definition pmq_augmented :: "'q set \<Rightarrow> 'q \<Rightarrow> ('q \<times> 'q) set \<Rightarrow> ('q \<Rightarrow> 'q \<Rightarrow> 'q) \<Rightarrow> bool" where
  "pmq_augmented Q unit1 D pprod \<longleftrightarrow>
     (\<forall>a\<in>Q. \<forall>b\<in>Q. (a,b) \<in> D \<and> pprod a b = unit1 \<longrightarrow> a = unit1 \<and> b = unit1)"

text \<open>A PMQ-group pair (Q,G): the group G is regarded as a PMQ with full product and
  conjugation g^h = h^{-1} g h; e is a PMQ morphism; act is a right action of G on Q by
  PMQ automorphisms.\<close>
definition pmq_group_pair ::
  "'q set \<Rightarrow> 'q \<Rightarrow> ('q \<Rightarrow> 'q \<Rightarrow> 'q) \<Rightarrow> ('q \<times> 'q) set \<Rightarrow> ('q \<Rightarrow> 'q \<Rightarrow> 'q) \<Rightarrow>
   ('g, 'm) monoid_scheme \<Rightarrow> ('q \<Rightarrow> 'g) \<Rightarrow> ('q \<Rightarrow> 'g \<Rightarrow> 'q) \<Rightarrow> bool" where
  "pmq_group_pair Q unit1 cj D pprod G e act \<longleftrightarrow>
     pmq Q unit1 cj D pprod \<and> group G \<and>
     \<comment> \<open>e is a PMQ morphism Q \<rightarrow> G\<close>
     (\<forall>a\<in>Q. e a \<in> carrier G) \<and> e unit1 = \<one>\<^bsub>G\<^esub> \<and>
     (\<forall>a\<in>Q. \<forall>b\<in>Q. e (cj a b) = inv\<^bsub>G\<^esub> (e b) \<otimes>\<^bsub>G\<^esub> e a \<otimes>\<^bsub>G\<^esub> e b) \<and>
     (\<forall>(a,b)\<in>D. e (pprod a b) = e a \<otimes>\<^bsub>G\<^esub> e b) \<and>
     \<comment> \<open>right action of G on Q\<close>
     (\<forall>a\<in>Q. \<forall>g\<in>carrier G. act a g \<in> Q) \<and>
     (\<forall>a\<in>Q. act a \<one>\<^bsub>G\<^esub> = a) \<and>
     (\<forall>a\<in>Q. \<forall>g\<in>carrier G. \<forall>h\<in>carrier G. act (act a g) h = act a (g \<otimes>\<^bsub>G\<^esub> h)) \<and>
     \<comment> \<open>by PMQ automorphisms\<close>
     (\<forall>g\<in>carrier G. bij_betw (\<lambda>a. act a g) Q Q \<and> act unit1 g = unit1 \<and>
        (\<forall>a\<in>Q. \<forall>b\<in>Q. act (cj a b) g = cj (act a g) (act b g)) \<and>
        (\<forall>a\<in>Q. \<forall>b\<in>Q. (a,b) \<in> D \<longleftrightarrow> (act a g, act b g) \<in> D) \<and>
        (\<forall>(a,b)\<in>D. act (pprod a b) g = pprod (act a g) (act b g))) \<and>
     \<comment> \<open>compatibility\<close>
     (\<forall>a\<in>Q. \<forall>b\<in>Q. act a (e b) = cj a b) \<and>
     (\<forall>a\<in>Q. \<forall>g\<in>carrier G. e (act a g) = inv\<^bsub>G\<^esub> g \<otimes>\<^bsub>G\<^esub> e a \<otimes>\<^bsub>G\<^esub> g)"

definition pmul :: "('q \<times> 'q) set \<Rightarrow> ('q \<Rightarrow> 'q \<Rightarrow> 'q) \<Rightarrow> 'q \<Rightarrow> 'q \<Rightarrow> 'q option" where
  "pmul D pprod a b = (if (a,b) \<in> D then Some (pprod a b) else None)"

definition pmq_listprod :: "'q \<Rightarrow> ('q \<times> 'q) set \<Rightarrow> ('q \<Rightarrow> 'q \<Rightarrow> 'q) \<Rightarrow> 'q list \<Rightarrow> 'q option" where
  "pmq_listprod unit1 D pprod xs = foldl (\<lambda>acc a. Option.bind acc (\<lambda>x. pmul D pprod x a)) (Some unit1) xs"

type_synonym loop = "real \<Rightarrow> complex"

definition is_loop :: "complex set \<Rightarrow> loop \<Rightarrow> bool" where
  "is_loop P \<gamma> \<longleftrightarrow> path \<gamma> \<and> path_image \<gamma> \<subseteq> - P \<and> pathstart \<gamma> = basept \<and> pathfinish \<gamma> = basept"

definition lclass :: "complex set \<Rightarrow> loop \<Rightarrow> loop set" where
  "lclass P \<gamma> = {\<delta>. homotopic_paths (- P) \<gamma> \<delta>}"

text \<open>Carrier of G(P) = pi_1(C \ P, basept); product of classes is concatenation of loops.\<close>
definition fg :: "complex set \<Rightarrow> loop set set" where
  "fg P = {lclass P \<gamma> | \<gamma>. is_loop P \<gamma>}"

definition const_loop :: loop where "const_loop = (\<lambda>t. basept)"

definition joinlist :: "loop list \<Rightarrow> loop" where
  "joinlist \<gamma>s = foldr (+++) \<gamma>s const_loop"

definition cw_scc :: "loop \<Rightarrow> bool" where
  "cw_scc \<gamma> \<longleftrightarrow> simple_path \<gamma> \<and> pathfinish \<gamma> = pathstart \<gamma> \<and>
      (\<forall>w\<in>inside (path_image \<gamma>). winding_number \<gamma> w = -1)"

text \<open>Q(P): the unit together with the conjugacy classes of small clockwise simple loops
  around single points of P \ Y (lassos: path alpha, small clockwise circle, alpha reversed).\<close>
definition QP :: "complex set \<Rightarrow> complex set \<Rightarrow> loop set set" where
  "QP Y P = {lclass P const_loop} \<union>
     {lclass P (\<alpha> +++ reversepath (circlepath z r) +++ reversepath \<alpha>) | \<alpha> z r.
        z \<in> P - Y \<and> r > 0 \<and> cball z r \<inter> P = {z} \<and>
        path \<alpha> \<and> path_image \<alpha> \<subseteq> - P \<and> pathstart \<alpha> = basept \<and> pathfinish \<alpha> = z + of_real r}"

--------------------

From the records above, print exactly the lines that run from the line with "PMQ automorphisms.\<close>" to the line with "(\<forall>(a,b)\<in>D. act (pprod", inclusive.

  PMQ automorphisms.\<close>
definition pmq_group_pair ::
  "'q set \<Rightarrow> 'q \<Rightarrow> ('q \<Rightarrow> 'q \<Rightarrow> 'q) \<Rightarrow> ('q \<times> 'q) set \<Rightarrow> ('q \<Rightarrow> 'q \<Rightarrow> 'q) \<Rightarrow>
   ('g, 'm) monoid_scheme \<Rightarrow> ('q \<Rightarrow> 'g) \<Rightarrow> ('q \<Rightarrow> 'g \<Rightarrow> 'q) \<Rightarrow> bool" where
  "pmq_group_pair Q unit1 cj D pprod G e act \<longleftrightarrow>
     pmq Q unit1 cj D pprod \<and> group G \<and>
     \<comment> \<open>e is a PMQ morphism Q \<rightarrow> G\<close>
     (\<forall>a\<in>Q. e a \<in> carrier G) \<and> e unit1 = \<one>\<^bsub>G\<^esub> \<and>
     (\<forall>a\<in>Q. \<forall>b\<in>Q. e (cj a b) = inv\<^bsub>G\<^esub> (e b) \<otimes>\<^bsub>G\<^esub> e a \<otimes>\<^bsub>G\<^esub> e b) \<and>
     (\<forall>(a,b)\<in>D. e (pprod a b) = e a \<otimes>\<^bsub>G\<^esub> e b) \<and>
     \<comment> \<open>right action of G on Q\<close>
     (\<forall>a\<in>Q. \<forall>g\<in>carrier G. act a g \<in> Q) \<and>
     (\<forall>a\<in>Q. act a \<one>\<^bsub>G\<^esub> = a) \<and>
     (\<forall>a\<in>Q. \<forall>g\<in>carrier G. \<forall>h\<in>carrier G. act (act a g) h = act a (g \<otimes>\<^bsub>G\<^esub> h)) \<and>
     \<comment> \<open>by PMQ automorphisms\<close>
     (\<forall>g\<in>carrier G. bij_betw (\<lambda>a. act a g) Q Q \<and> act unit1 g = unit1 \<and>
        (\<forall>a\<in>Q. \<forall>b\<in>Q. act (cj a b) g = cj (act a g) (act b g)) \<and>
        (\<forall>a\<in>Q. \<forall>b\<in>Q. (a,b) \<in> D \<longleftrightarrow> (act a g, act b g) \<in> D) \<and>
        (\<forall>(a,b)\<in>D. act (pprod a b) g = pprod (act a g) (act b g))) \<and>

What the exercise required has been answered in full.